Reviewed by poc-1 6 / 10

Hit and miss, mostly miss

This movie tells the later stages of the crime career of John Dillinger, famous bank robber. What's good: Johnny Depp and Christian bale are good, the pacing is good, the sets and period detail are perfect. The score is quite good too.

What's bad: a shootout sequence is obviously shot on a video camera looks cheap and has a major discontinuity in it. Other scenes the camera is shaky.

Also for a movie that prides itself on historical detail, it plays fast and loose with the facts about the Dillinger gang. For instance the death of "Baby Face" Nelson is complete fiction. You are duped into thinking the director cares about historical details with all the period sets, cars, news stories on the radio etc, but actually major parts of the plot are just made up. Of course the reason that historical movies rarely follow history exactly is that real events don't naturally follow standard narrative.

So it is not a documentary, which is fine, so it must be a character movie right? This brings me to its biggest flaw. An important goal of a movie like this is to build an emotional connection with the central character. This ought to be easy with a character like Dillinger, because he actually built a huge public fan base as a latter day "Robin Hood", despite being a murderous bank robbing crook. It tries hard and it does get close, particularly with the scenes involving Billie, one of Dillinger's many girlfriends. In the end, though, I just did not care all that much about him..

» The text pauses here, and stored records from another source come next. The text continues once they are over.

lemma norm_y_sub_le:
  assumes "norm (x k - p) \<le> R" "norm (z k - p) \<le> R"
  shows "norm (y k - p) \<le> R"
proof -
  define l where "l = \<alpha> k * \<gamma> k / (\<alpha> k * \<gamma> k + \<gamma> (Suc k))"
  have AG: "0 < \<alpha> k * \<gamma> k" "0 < \<gamma> (Suc k)" using pos(2,3) by auto
  then have l: "0 \<le> l" "l \<le> 1" "1 - l = \<gamma> (Suc k) / (\<alpha> k * \<gamma> k + \<gamma> (Suc k))"
    by (auto simp: l_def field_simps)
  then have "y k = l *\<^sub>R z k + (1 - l) *\<^sub>R x k"
    by (simp add: step_iii[of k] l_def scaleR_add_right)
  then have "y k - p = l *\<^sub>R (z k - p) + (1 - l) *\<^sub>R (x k - p)"
    by (simp add: algebra_simps)
  then have "norm (y k - p) \<le> l * norm (z k - p) + (1 - l) * norm (x k - p)"
    using norm_triangle_ineq[of "l *\<^sub>R (z k - p)" "(1 - l) *\<^sub>R (x k - p)"] l(1,2) by simp
  also have "\<dots> \<le> l * R + (1 - l) * R"
    using assms l by (intro add_mono mult_left_mono) auto
  finally show ?thesis by (simp add: algebra_simps)
qed

lemma Phi_gap_initial:
  "Phi dg h r (x 0) (y 0) (\<eta> 0) - Phi dg h r v (y 0) (\<eta> 0)
   \<le> dist0 (subdiff (\<lambda>v. ereal (g v + h v) + r v) (x 0)) ^ 2 / ereal (2 * Lu)"
proof (rule le_dist0_power2_divide[OF _ Lu(1)])
  fix s assume "s \<in> subdiff (\<lambda>v. ereal (g v + h v) + r v) (x 0)"
  then have "s \<in> subdiff (\<lambda>v. ereal (g v) + (ereal (h v) + r v)) (x 0)"
    by (simp only: F_split)
  then have "s - dg (x 0) \<in> subdiff (\<lambda>v. ereal (h v) + r v) (x 0)"
    using subdiff_add_differentiable[OF g_grad econvex_add_convex_on[OF h_convex r_convex]] r_not_minf
    by simp
  from Phi_gap_le[OF this pos(1)[of 0] r_not_minf, of dg "y 0" v]
  have "Phi dg h r (x 0) (y 0) (\<eta> 0) - Phi dg h r v (y 0) (\<eta> 0) \<le> ereal (\<eta> 0 / 2 * norm s ^ 2)"
    by (simp add: y_0_eq_x_0)
  also have "\<dots> \<le> ereal (norm s ^ 2 / (2 * Lu))"
  proof -
    have "\<eta> 0 * norm s ^ 2 \<le> (1 / Lu) * norm s ^ 2" using step_i[of 0] by (intro mult_right_mono) auto
    then show ?thesis by simp
  qed
  finally show "Phi dg h r (x 0) (y 0) (\<eta> 0) - Phi dg h r v (y 0) (\<eta> 0) \<le> ereal (norm s ^ 2 / (2 * Lu))" .
qed
(* Let $(M,\mathcal T)$ be a closed pseudo 3-manifold with edge set $E$. If a solution $l(t)$ of the extended Ricci flow $\frac{d}{dt}l(t)=\widetilde K(l(t))$ converges to some $\widetilde l\in\mathbb R^E$ as $t\to+\infty$, then $\widetilde K(\widetilde l)=0$.
   Context: Closed pseudo 3-manifold $(M,\mathcal T)$: quotient of a disjoint union $\mathscr T$ of finitely many tetrahedra by affine isomorphisms pairing faces, every 2-face being paired with another; $E$ is the set of edge classes. For a tetrahedron $\sigma$ with vertices $v_1,\dots,v_4$ and $l\in\mathbb R^E$, $l_\sigma=(l_{ij})\in\mathbb R^6$, $l_{ij}=l(\text{class of } v_iv_j)$. Extended dihedral angles: for $(x_1,x_2,x_3)\in\mathbb R^3_{>0}$, $a_i$ is the Euclidean angle opposite $x_i$ if strict triangle inequalities hold, and $a_i=\pi$, $a_j=a_k=0$ if $x_i\ge x_j+x_k$. For $l\in\mathbb R^6$, $\{i,j,k,h\}=\{1,2,3,4\}$, $\alpha_{ij}(l)$ is the generalized angle opposite the side $e^{(l_{ij}+l_{kh})/2}$ in the generalized triangle with sides $e^{(l_{ij}+l_{kh})/2},e^{(l_{ik}+l_{jh})/2},e^{(l_{ih}+l_{jk})/2}$. The generalized Ricci curvature of $l\in\mathbb R^E$ is $\widetilde K_e(l)=2\pi-\sum\alpha_{ij}(l_\sigma)$, summed over pairs (tetrahedron $\sigma$, edge $v_iv_j$ of $\sigma$ in class $e$). *)

theory Defs
  imports "HOL-Analysis.Analysis"
begin

(* Tetrahedra are the elements of a finite type 't; each tetrahedron has vertices 0,1,2,3.
   A 2-face of tetrahedron s is encoded as (s,k): the face opposite vertex k (k < 4).
   A face pairing is given by  p  (which face a face is glued to) and  phi  (the vertex
   bijection realising the affine isomorphism of the two faces). *)

definition closed_pseudo3 ::
  "('t \<times> nat \<Rightarrow> 't \<times> nat) \<Rightarrow> ('t \<times> nat \<Rightarrow> nat \<Rightarrow> nat) \<Rightarrow> bool" where
  "closed_pseudo3 p phi \<longleftrightarrow>
     finite (UNIV :: 't set) \<and>
     (\<forall>f. snd f < 4 \<longrightarrow>
        snd (p f) < 4 \<and> p f \<noteq> f \<and> p (p f) = f \<and>
        bij_betw (phi f) ({0..<4} - {snd f}) ({0..<4} - {snd (p f)}) \<and>
        (\<forall>v \<in> {0..<4} - {snd f}. phi (p f) (phi f v) = v))"

definition tet_edges :: "('t \<times> nat set) set" where
  "tet_edges = {(s, {i, j}) | s i j. i < 4 \<and> j < 4 \<and> i \<noteq> j}"

definition glue_rel ::
  "('t \<times> nat \<Rightarrow> 't \<times> nat) \<Rightarrow> ('t \<times> nat \<Rightarrow> nat \<Rightarrow> nat)
     \<Rightarrow> (('t \<times> nat set) \<times> ('t \<times> nat set)) set" where
  "glue_rel p phi = {((s, {i, j}), (fst (p (s, k)), {phi (s, k) i, phi (s, k) j})) | s k i j.
      k < 4 \<and> i < 4 \<and> j < 4 \<and> i \<noteq> j \<and> i \<noteq> k \<and> j \<noteq> k}"

definition edge_class ::
  "('t \<times> nat \<Rightarrow> 't \<times> nat) \<Rightarrow> ('t \<times> nat \<Rightarrow> nat \<Rightarrow> nat)
     \<Rightarrow> 't \<times> nat set \<Rightarrow> ('t \<times> nat set) set" where
  "edge_class p phi x = ((glue_rel p phi \<union> (glue_rel p phi)\<inverse>)\<^sup>*) `` {x}"

definition edge_classes ::
  "('t \<times> nat \<Rightarrow> 't \<times> nat) \<Rightarrow> ('t \<times> nat \<Rightarrow> nat \<Rightarrow> nat)
     \<Rightarrow> ('t \<times> nat set) set set" where
  "edge_classes p phi = edge_class p phi ` tet_edges"

definition ext_angle :: "real \<Rightarrow> real \<Rightarrow> real \<Rightarrow> real" where
  "ext_angle x1 x2 x3 =
     (if x1 \<ge> x2 + x3 then pi
      else if x2 \<ge> x1 + x3 \<or> x3 \<ge> x1 + x2 then 0
      else arccos ((x2\<^sup>2 + x3\<^sup>2 - x1\<^sup>2) / (2 * x2 * x3)))"

definition lsig ::
  "('t \<times> nat \<Rightarrow> 't \<times> nat) \<Rightarrow> ('t \<times> nat \<Rightarrow> nat \<Rightarrow> nat)
     \<Rightarrow> (('t \<times> nat set) set \<Rightarrow> real) \<Rightarrow> 't \<Rightarrow> nat \<Rightarrow> nat \<Rightarrow> real" where
  "lsig p phi l s i j = l (edge_class p phi (s, {i, j}))"

definition gen_alpha ::
  "('t \<times> nat \<Rightarrow> 't \<times> nat) \<Rightarrow> ('t \<times> nat \<Rightarrow> nat \<Rightarrow> nat)
     \<Rightarrow> (('t \<times> nat set) set \<Rightarrow> real) \<Rightarrow> 't \<Rightarrow> nat set \<Rightarrow> real" where
  "gen_alpha p phi l s e =
     (let i = Min e; j = Max e; k = Min ({0..<4} - e); h = Max ({0..<4} - e);
          L = lsig p phi l s
      in ext_angle (exp ((L i j + L k h) / 2))
                   (exp ((L i k + L j h) / 2))
                   (exp ((L i h + L j k) / 2)))"

definition gen_ricci ::
  "('t \<times> nat \<Rightarrow> 't \<times> nat) \<Rightarrow> ('t \<times> nat \<Rightarrow> nat \<Rightarrow> nat)
     \<Rightarrow> (('t \<times> nat set) set \<Rightarrow> real) \<Rightarrow> ('t \<times> nat set) set \<Rightarrow> real" where
  "gen_ricci p phi l c = 2 * pi - (\<Sum>(s, e) \<in> c. gen_alpha p phi l s e)"

end

theory Submission
  imports Defs
begin
definition L_ideal :: "nat \<Rightarrow> (nat \<Rightarrow> mon) \<Rightarrow> 'a::comm_ring_1 mpoly set \<Rightarrow> 'a kelem set \<Rightarrow> nat set \<Rightarrow> 'a mpoly set" where
  "L_ideal n f J N u = ideal_gen n (J \<union> {monom v | v. is_mon n v \<and> term_elem J (u, v) \<in> init_module n f J N})"

end

theory Submission
  imports Defs
begin

text \<open>The Koszul complex is multigraded, so a cycle is a sum of homogeneous cycles, and its
  component of multidegree \<open>d\<close> is described by the coefficients \<open>c\<^sub>w\<close> of the terms
  \<open>e\<^sub>w \<otimes> x\<^bsup>d - f\<^sub>w\<^esup>\<close>. Suppose \<open>e\<^sub>u \<otimes> v x\<^sub>j\<close> is an initial term and \<open>i < j\<close>.
  Because \<open>I\<close> is Borel-fixed and generated in one degree, every generator \<open>f\<^sub>k\<close> divisible by
  \<open>x\<^sub>j\<close> has a unique partner with \<open>f\<^sub>k x\<^sub>i = f\<^sub>l x\<^sub>j\<close>, so the derivation
  \<open>x\<^sub>i \<partial>/\<partial>x\<^sub>j\<close> of \<open>S\<close> lifts to the Koszul complex and commutes with its differential;
  because \<open>J\<close> is Borel-fixed, it maps cycles modulo \<open>J\<close> of degree \<open>d\<close> to cycles of degree
  \<open>d x\<^sub>i / x\<^sub>j\<close>. It creates no term above \<open>e\<^sub>u\<close> and multiplies the coefficient of \<open>e\<^sub>u\<close>
  by the exponent of \<open>x\<^sub>j\<close> in \<open>v x\<^sub>j\<close>, which is nonzero in characteristic \<open>0\<close>. Hence
  \<open>e\<^sub>u \<otimes> v x\<^sub>i\<close> is again an initial term unless \<open>v x\<^sub>i \<in> J\<close>.\<close>

lemma poly_mapping_sum_single: "p = (\<Sum>k\<in>Poly_Mapping.keys p. Poly_Mapping.single k (Poly_Mapping.lookup p k))"
  by (rule poly_mapping_eqI) (simp add: lookup_sum lookup_single when_def in_keys_iff sum.If_cases)

lemma sum_single: "(\<Sum>x\<in>A. Poly_Mapping.single k (h x)) = Poly_Mapping.single k (sum h A)"
  by (induction A rule: infinite_finite_induct) (simp_all add: single_add)

lemma lookup_single_mult:
  "Poly_Mapping.lookup (Poly_Mapping.single a c * (q :: 'b::comm_ring_1 mpoly)) r =
     (if mdvd a r then c * Poly_Mapping.lookup q (r - a) else 0)"
proof -
  have "Poly_Mapping.single a c * q =
      (\<Sum>k\<in>Poly_Mapping.keys q. Poly_Mapping.single (a + k) (c * Poly_Mapping.lookup q k))"
    by (subst poly_mapping_sum_single[of q]) (simp add: sum_distrib_left mult_single)
  then have "Poly_Mapping.lookup (Poly_Mapping.single a c * q) r =
      (\<Sum>k\<in>Poly_Mapping.keys q. if k = r - a \<and> mdvd a r then c * Poly_Mapping.lookup q k else 0)"
    by (auto simp: lookup_sum lookup_single when_def mdvd_def intro!: sum.cong)
  also have "\<dots> = (if mdvd a r then c * Poly_Mapping.lookup q (r - a) else 0)"
    by (auto simp: in_keys_iff)
  finally show ?thesis .
qed

lemma lookup_monom_mult:
  "Poly_Mapping.lookup (monom a * (q :: 'b::comm_ring_1 mpoly)) r =
     (if mdvd a r then Poly_Mapping.lookup q (r - a) else 0)"
  unfolding monom_def by (simp add: lookup_single_mult)

lemma monom_mult: "(monom a :: 'b::comm_ring_1 mpoly) * monom b = monom (a + b)"
  by (simp add: monom_def mult_single)

lemma keys_monom [simp]: "Poly_Mapping.keys (monom v :: 'b::comm_ring_1 mpoly) = {v}"
  by (simp add: monom_def)

lemma monom_polyS [simp]: "(monom v :: 'b::comm_ring_1 mpoly) \<in> polyS n \<longleftrightarrow> is_mon n v"
  by (simp add: polyS_def)

lemma neg_one_power_mpoly: "((-1) ^ k :: 'b::comm_ring_1 mpoly) = Poly_Mapping.single 0 ((-1) ^ k)"
  by (induction k) (simp_all add: mult_single single_uminus)

lemma lookup_neg_one_power_mult:
  "Poly_Mapping.lookup (((-1) ^ k :: 'b::comm_ring_1 mpoly) * p) r = (-1) ^ k * Poly_Mapping.lookup p r"
  unfolding neg_one_power_mpoly by (simp add: lookup_single_mult mdvd_def)

lemma lookup_nf: "Poly_Mapping.lookup (nf J p) v = (if monom v \<in> J then 0 else Poly_Mapping.lookup p v)"
proof -
  have "Poly_Mapping.lookup (nf J p) v =
      (\<Sum>x\<in>{v \<in> Poly_Mapping.keys p. monom v \<notin> J}. if x = v then Poly_Mapping.lookup p x else 0)"
    by (simp add: nf_def lookup_sum lookup_single when_def eq_commute)
  then show ?thesis
    by (auto simp: in_keys_iff)
qed

lemma nf_zero [simp]: "nf J 0 = 0"
  by (rule poly_mapping_eqI) (simp add: lookup_nf)

lemma nf_single: "nf J (Poly_Mapping.single v c) = (if monom v \<in> J then 0 else Poly_Mapping.single v c)"
  by (rule poly_mapping_eqI) (auto simp: lookup_nf lookup_single when_def)

lemma in_keys_nf: "v \<in> Poly_Mapping.keys (nf J p) \<Longrightarrow> monom v \<notin> J"
  by (auto simp: in_keys_iff lookup_nf split: if_splits)

lemma mdvd_refl [simp]: "mdvd a a"
  unfolding mdvd_def by (rule exI[of _ 0]) simp

lemma mdvd_add_right [simp]: "mdvd a (a + b)"
  unfolding mdvd_def by blast

lemma mdvd_add_left [simp]: "mdvd a (b + a)"
  unfolding mdvd_def by (metis add.commute)

lemma mdvd_trans: "mdvd a b \<Longrightarrow> mdvd b c \<Longrightarrow> mdvd a c"
  unfolding mdvd_def by (metis add.assoc)

lemma mdvd_add_leftI: "mdvd a b \<Longrightarrow> mdvd a (c + b)"
  unfolding mdvd_def by (metis add.assoc add.commute)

It is competent, but ultimately it fails to match up in comparison with other movies of this genre. Right now the IMDb rating for this movie is higher than "The Untouchables", "Once Upon a Time in America" or "Goodfellas", which is a testament to the cinematic ignorance of the majority of IMDb voters. No doubt the same people will rate this comment down, probably without even reading it, simply because I did not give the movie a 9 or 10.